The results of ABGD and BGA analyses revealed a clear gap between intraspecific and interspecific distances (Fig. 3). As well, the minimum distance to the nearest-neighbor (NN) was higher than the maximum intraspecific distance for every species (Fig. 3). In fact, NN distances exceeded 2.3% for all species (Fig. 3 B-1), and most ranged from 4.3–11% (Fig. 3 B-2). An. culicifacies was initially identified as a single species, but the barcode data revealed 4.3% divergence between two taxa; one was An. culicifacies A, but the other could not be identified because of the lack of reference barcode sequences for the other four known taxa in this complex. The barcode data also revealed that An. annularis included representatives of both An. annularis A and An. annularis B, species that were first recognized through polytene chromosome analysis [77]. Intraspecific distances could not be determined for the six species with just a single representative, but all of their NN distances were greater than 2.3%. Sequence divergence increased with taxonomic rank (Table 1) with little overlap between conspecific and congeneric distances. Intraspecific divergences ranged from 0.0–2.4% with a mean of 0.04%, while divergences for the species in a genus ranged from 2.3–17.8% with a mean of 8.2% (Table 1). Genetic diversity indices and results of neutrality tests for the barcodes are shown in Table 2. Average number of pairwise nucleotide differences (k), nucleotide diversity (π) and haplotype diversity (Hd) varied for the species. Fu's Fs and Tajima's D were significant for a majority of the species (Table 2).

Figure 3

Pairwise distance divergence (%) (A) and barcode gap analysis (B) for mosquitoes from Punjab and Khyber Pakhtunkhwa as generated by ABGD [67] and by BOLD [59], respectively.

NN  =  nearest neighbor.

Table 1

K2P sequence divergence at the COI barcode region among the mosquito species with >2 specimens, among the four genera with two or more species, and in the family Culicidae.
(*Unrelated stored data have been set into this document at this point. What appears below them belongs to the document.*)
lemma card_r_subsets_containing:
  assumes i: "i \<in> {1..n}" and r: "r \<ge> 1"
  shows "card {x \<in> r_subsets n r. i \<in> x} = (n - 1) choose (r - 1)"
proof -
  let ?Y = "{y. y \<subseteq> {1..n} - {i} \<and> card y = r - 1}"
  have "{x \<in> r_subsets n r. i \<in> x} = insert i ` ?Y"
  proof (intro equalityI subsetI)
    fix x assume "x \<in> {x \<in> r_subsets n r. i \<in> x}"
    then have x: "x \<subseteq> {1..n}" "card x = r" "i \<in> x" unfolding r_subsets_def by auto
    then have "x - {i} \<in> ?Y" using finite_subset[OF x(1)] by auto
    moreover have "x = insert i (x - {i})" using x by auto
    ultimately show "x \<in> insert i ` ?Y" by blast
  next
    fix x assume "x \<in> insert i ` ?Y"
    then obtain y where y: "y \<subseteq> {1..n} - {i}" "card y = r - 1" "x = insert i y" by auto
    moreover have "i \<notin> y" using y(1) by auto
    ultimately have "card x = r" using finite_subset[OF y(1)] r by simp
    then show "x \<in> {x \<in> r_subsets n r. i \<in> x}" using y i unfolding r_subsets_def by auto
  qed
  moreover have "inj_on (insert i) ?Y"
    by (rule inj_onI) (metis Diff_iff insert_absorb insert_ident mem_Collect_eq subset_iff singletonI)
  ultimately have "card {x \<in> r_subsets n r. i \<in> x} = card ?Y" by (simp add: card_image)
  also have "\<dots> = card ({1..n} - {i}) choose (r - 1)" by (rule n_subsets) simp
  finally show ?thesis using i by simp
qed

text \<open>Double counting: every \<open>i \<in> [n]\<close> lies in \<open>binom (n-1) (r-1)\<close> of the r-subsets.\<close>
lemma sum_r_subsets_sum:
  fixes h :: "nat \<Rightarrow> real"
  assumes r: "r \<ge> 1"
  shows "(\<Sum>x\<in>r_subsets n r. \<Sum>i\<in>x. h i) = real ((n - 1) choose (r - 1)) * (\<Sum>i\<in>{1..n}. h i)"
proof -
  have "(\<Sum>x\<in>r_subsets n r. \<Sum>i\<in>x. h i) = (\<Sum>x\<in>r_subsets n r. \<Sum>i\<in>{1..n}. if i \<in> x then h i else 0)"
  proof (rule sum.cong[OF refl])
    fix x assume "x \<in> r_subsets n r"
    then have "{i \<in> {1..n}. i \<in> x} = x" unfolding r_subsets_def by auto
    then show "(\<Sum>i\<in>x. h i) = (\<Sum>i\<in>{1..n}. if i \<in> x then h i else 0)"
      using sum.inter_filter[of "{1..n}" h "\<lambda>i. i \<in> x"] by simp
  qed
  also have "\<dots> = (\<Sum>i\<in>{1..n}. \<Sum>x\<in>r_subsets n r. if i \<in> x then h i else 0)"
    by (rule sum.swap)
  also have "\<dots> = (\<Sum>i\<in>{1..n}. h i * real ((n - 1) choose (r - 1)))"
  proof (rule sum.cong[OF refl])
    fix i assume i: "i \<in> {1..n}"
    have "(\<Sum>x\<in>r_subsets n r. if i \<in> x then h i else 0) = (\<Sum>x\<in>{x \<in> r_subsets n r. i \<in> x}. h i)"
      using sum.inter_filter[OF finite_r_subsets, where g="\<lambda>_. h i" and P="\<lambda>x. i \<in> x"] by simp
    then show "(\<Sum>x\<in>r_subsets n r. if i \<in> x then h i else 0) = h i * real ((n - 1) choose (r - 1))"
      using card_r_subsets_containing[OF i r] by simp
  qed
  finally show ?thesis by (simp add: sum_distrib_right mult.commute)
qed

context weights_mod_prime
begin

definition W :: "nat \<Rightarrow> nat \<Rightarrow> complex" where
  "W r t = (\<Sum>x\<in>r_subsets n r. \<Prod>i\<in>x. zeta i t)"

text \<open>Parseval: distinct r-subset sums that are pairwise incongruent modulo p make the
  characters \<open>t \<mapsto> e(\<sigma>(x) t / p)\<close> orthogonal.\<close>
lemma sum_norm_W_squared:
  assumes distinct: "\<forall>x\<in>r_subsets n r. \<forall>y\<in>r_subsets n r. bsum x = bsum y \<longrightarrow> x = y"
    and small: "\<forall>x\<in>r_subsets n r. \<forall>y\<in>r_subsets n r. \<bar>bsum x - bsum y\<bar> < int p"
  shows "(\<Sum>t<p. (norm (W r t))\<^sup>2) = real p * real (n choose r)"
proof -
  have square: "complex_of_real ((norm (W r t))\<^sup>2)
      = (\<Sum>x\<in>r_subsets n r. \<Sum>y\<in>r_subsets n r. e2pi (of_int (bsum x - bsum y) * real t / real p))" for t
  proof -
    have "complex_of_real ((norm (W r t))\<^sup>2) = W r t * cnj (W r t)" by (rule complex_norm_square)
    also have "\<dots> = (\<Sum>x\<in>r_subsets n r. e2pi (of_int (bsum x) * real t / real p)) *
                     (\<Sum>y\<in>r_subsets n r. e2pi (- (of_int (bsum y) * real t / real p)))"
      unfolding W_def by (simp add: prod_zeta cnj_e2pi)
    finally show ?thesis by (simp only: sum_product e2pi_bsum_diff)
  qed
  have "complex_of_real (\<Sum>t<p. (norm (W r t))\<^sup>2)
      = (\<Sum>x\<in>r_subsets n r. \<Sum>y\<in>r_subsets n r. \<Sum>t<p. e2pi (of_int (bsum x - bsum y) * real t / real p))"
    by (simp only: of_real_sum square sum.swap[of _ "{..<p}"])
  also have "\<dots> = (\<Sum>x\<in>r_subsets n r. \<Sum>y\<in>r_subsets n r. if x = y then of_nat p else 0)"
  proof (intro sum.cong refl)
    fix x y assume xy: "x \<in> r_subsets n r" "y \<in> r_subsets n r"
    have "int p dvd (bsum x - bsum y) \<longleftrightarrow> x = y"
      using int_dvd_abs_less_imp_zero[where x="bsum x - bsum y" and p=p] small distinct xy by auto
    then show "(\<Sum>t<p. e2pi (of_int (bsum x - bsum y) * real t / real p)) = (if x = y then of_nat p else 0)"
      using sum_e2pi_multiples[OF p_pos, of "bsum x - bsum y"] by simp
  qed
  also have "\<dots> = complex_of_real (real p * real (n choose r))"
    by (simp add: finite_r_subsets card_r_subsets)
  finally show ?thesis by (simp only: of_real_eq_iff)
qed

text \<open>Each term of W is within \<open>\<Sum>\<^sub>i\<^sub>\<in>\<^sub>x \<bar>1 - \<zeta>\<^sub>i\<bar>\<close> of 1; double counting and Cauchy-Schwarz bound the
  total deviation by \<open>binom (n-1) (r-1) \<surd>n G(t) = binom n r \<cdot> r G(t) / \<surd>n\<close>.\<close>
lemma norm_W_ge:
  assumes r: "1 \<le> r" "r \<le> n"
  shows "norm (W r t) \<ge> real (n choose r) * (1 - real r * G t / sqrt (real n))"
proof -
  define h where "h i = norm (1 - zeta i t)" for i
  have n0: "n > 0" using r by simp
  have "norm (W r t - of_nat (n choose r)) = norm (\<Sum>x\<in>r_subsets n r. (\<Prod>i\<in>x. zeta i t) - 1)"
    unfolding W_def by (simp add: sum_subtractf card_r_subsets)
  also have "\<dots> \<le> (\<Sum>x\<in>r_subsets n r. \<Sum>i\<in>x. h i)"
  proof (rule order_trans[OF norm_sum sum_mono])
    fix x assume "x \<in> r_subsets n r"
    then have "finite x" unfolding r_subsets_def using finite_subset by blast
    then show "norm ((\<Prod>i\<in>x. zeta i t) - 1) \<le> (\<Sum>i\<in>x. h i)"
      unfolding h_def by (rule norm_prod_unit_minus_one_le) simp
  qed
  also have "\<dots> = real ((n - 1) choose (r - 1)) * (\<Sum>i\<in>{1..n}. h i)"
    by (rule sum_r_subsets_sum[OF r(1)])
  also have "\<dots> \<le> real ((n - 1) choose (r - 1)) * (G t * sqrt (real n))"
    using L2_set_mult_ineq[of "\<lambda>i. norm (1 - zeta i t)" "\<lambda>_. 1" "{1..n}"]
    by (intro mult_left_mono) (simp_all add: h_def G_def L2_set_constant)
  also have "\<dots> = real (n choose r) * (real r * G t / sqrt (real n))"
  proof -
    have "r * (n choose r) = n * ((n - 1) choose (r - 1))"
      using times_binomial_minus1_eq[of r n] r by simp
    then have binom: "real ((n - 1) choose (r - 1)) = real r * real (n choose r) / real n"
      using n0 by (simp add: field_simps) (metis of_nat_mult)
    have "sqrt (real n) * sqrt (real n) = real n" by simp
    then show ?thesis unfolding binom using n0 by (simp add: field_simps)
  qed
  finally have "norm (W r t - of_nat (n choose r)) \<le> real (n choose r) * (real r * G t / sqrt (real n))" .
  moreover have "norm (of_nat (n choose r) :: complex) - norm (W r t) \<le> norm (W r t - of_nat (n choose r))"
    by (metis norm_minus_commute norm_triangle_ineq2)
  ultimately show ?thesis by (simp add: algebra_simps)
qed

text \<open>On \<open>sublevel c\<^sub>0\<close> the bound above gives \<open>\<bar>W\<bar> \<ge> binom n r / 2\<close>; compare with the second moment.\<close>
lemma card_sublevel_le:
  assumes distinct: "\<forall>x\<in>r_subsets n r. \<forall>y\<in>r_subsets n r. bsum x = bsum y \<longrightarrow> x = y"
    and small: "\<forall>x\<in>r_subsets n r. \<forall>y\<in>r_subsets n r. \<bar>bsum x - bsum y\<bar> < int p"
    and r: "1 \<le> r" "r \<le> n"
  shows "real (card (sublevel (sqrt (real n) / (2 * real r)))) * real (n choose r) \<le> 4 * real p"
proof -
  define c0 where "c0 = sqrt (real n) / (2 * real r)"
  define C where "C = real (n choose r)"
  have C_pos: "C > 0" unfolding C_def using r by simp
  have lower: "(C / 2)\<^sup>2 \<le> (norm (W r t))\<^sup>2" if "t \<in> sublevel c0" for t
  proof -
    have "real r * G t \<le> real r * c0" using that r unfolding sublevel_def by simp
    then have "real r * G t / sqrt (real n) \<le> 1 / 2"
      using r unfolding c0_def by (simp add: field_simps)
    then have "C * (1 / 2) \<le> C * (1 - real r * G t / sqrt (real n))"
      using C_pos by (intro mult_left_mono) auto
    also have "\<dots> \<le> norm (W r t)" using norm_W_ge[OF r] unfolding C_def by simp
    finally show ?thesis using C_pos by (simp add: power_mono)
  qed
  have "real (card (sublevel c0)) * (C / 2)\<^sup>2 = (\<Sum>t\<in>sublevel c0. (C / 2)\<^sup>2)" by simp
  also have "\<dots> \<le> (\<Sum>t\<in>sublevel c0. (norm (W r t))\<^sup>2)" by (rule sum_mono) (rule lower)
  also have "\<dots> \<le> (\<Sum>t<p. (norm (W r t))\<^sup>2)" by (rule sum_mono2) (auto simp: sublevel_def)
  also have "\<dots> = real p * C" unfolding C_def by (rule sum_norm_W_squared[OF distinct small])
  finally have "real (card (sublevel c0)) * C * C \<le> 4 * real p * C"
    by (simp add: power2_eq_square algebra_simps)
  then show ?thesis using C_pos unfolding c0_def C_def by simp
qed

end

section \<open>Summing over level sets\<close>

lemma real_nat_floor_bounds:
  fixes x :: real
  assumes "x \<ge> 1"
  shows "x / 2 \<le> real (nat \<lfloor>x\<rfloor>)" "real (nat \<lfloor>x\<rfloor>) \<le> x"
proof -
  have "\<lfloor>x\<rfloor> \<ge> 1" using assms by linarith
  then have floor_eq: "real (nat \<lfloor>x\<rfloor>) = real_of_int \<lfloor>x\<rfloor>" by simp
  show "real (nat \<lfloor>x\<rfloor>) \<le> x" using floor_eq by simp
  have "real_of_int \<lfloor>x\<rfloor> > x - 1" by linarith
  then show "x / 2 \<le> real (nat \<lfloor>x\<rfloor>)"
    using floor_eq \<open>\<lfloor>x\<rfloor> \<ge> 1\<close> by (cases "x \<ge> 2") linarith+
qed

lemma exp_neg_le_layers:
  fixes s :: real
  assumes "s \<ge> 0"
  shows "exp (- s) \<le> (\<Sum>l<L. exp (- real l) * (if s \<le> real l + 1 then 1 else 0)) + exp (- real L)"
proof (cases "s \<ge> real L")
  case True
  then have "exp (- s) \<le> exp (- real L)" by simp
  moreover have "(\<Sum>l<L. exp (- real l) * (if s \<le> real l + 1 then 1 else 0)) \<ge> 0"
    by (rule sum_nonneg) simp
  ultimately show ?thesis by linarith
next
  case False
  define l0 where "l0 = nat \<lfloor>s\<rfloor>"
  have l0s: "real l0 \<le> s" "s \<le> real l0 + 1" using assms unfolding l0_def by linarith+
  have "exp (- s) \<le> exp (- real l0) * (if s \<le> real l0 + 1 then 1 else 0)" using l0s by simp
  also have "\<dots> \<le> (\<Sum>l<L. exp (- real l) * (if s \<le> real l + 1 then 1 else 0))"
    by (rule member_le_sum) (use False l0s in auto)
  finally show ?thesis using exp_gt_zero[of "- real L"] by linarith
qed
Distance class	n	Taxa	Comparisons	Min (%)	Mean (%)	Max (%)
Intraspecific	1638	24	543530	0	0.04	2.4
Congeners	1529	4	121341	2.3	8.1	17.8
Confamilial	1644	1	685675	6.4	14.5	22.5

Table 2

Genetic diversity indices and neutrality tests (Fu's Fs and Tajima's D) in the mtCOI-5′ (barcode) sequences of 21 mosquito species from Pakistan.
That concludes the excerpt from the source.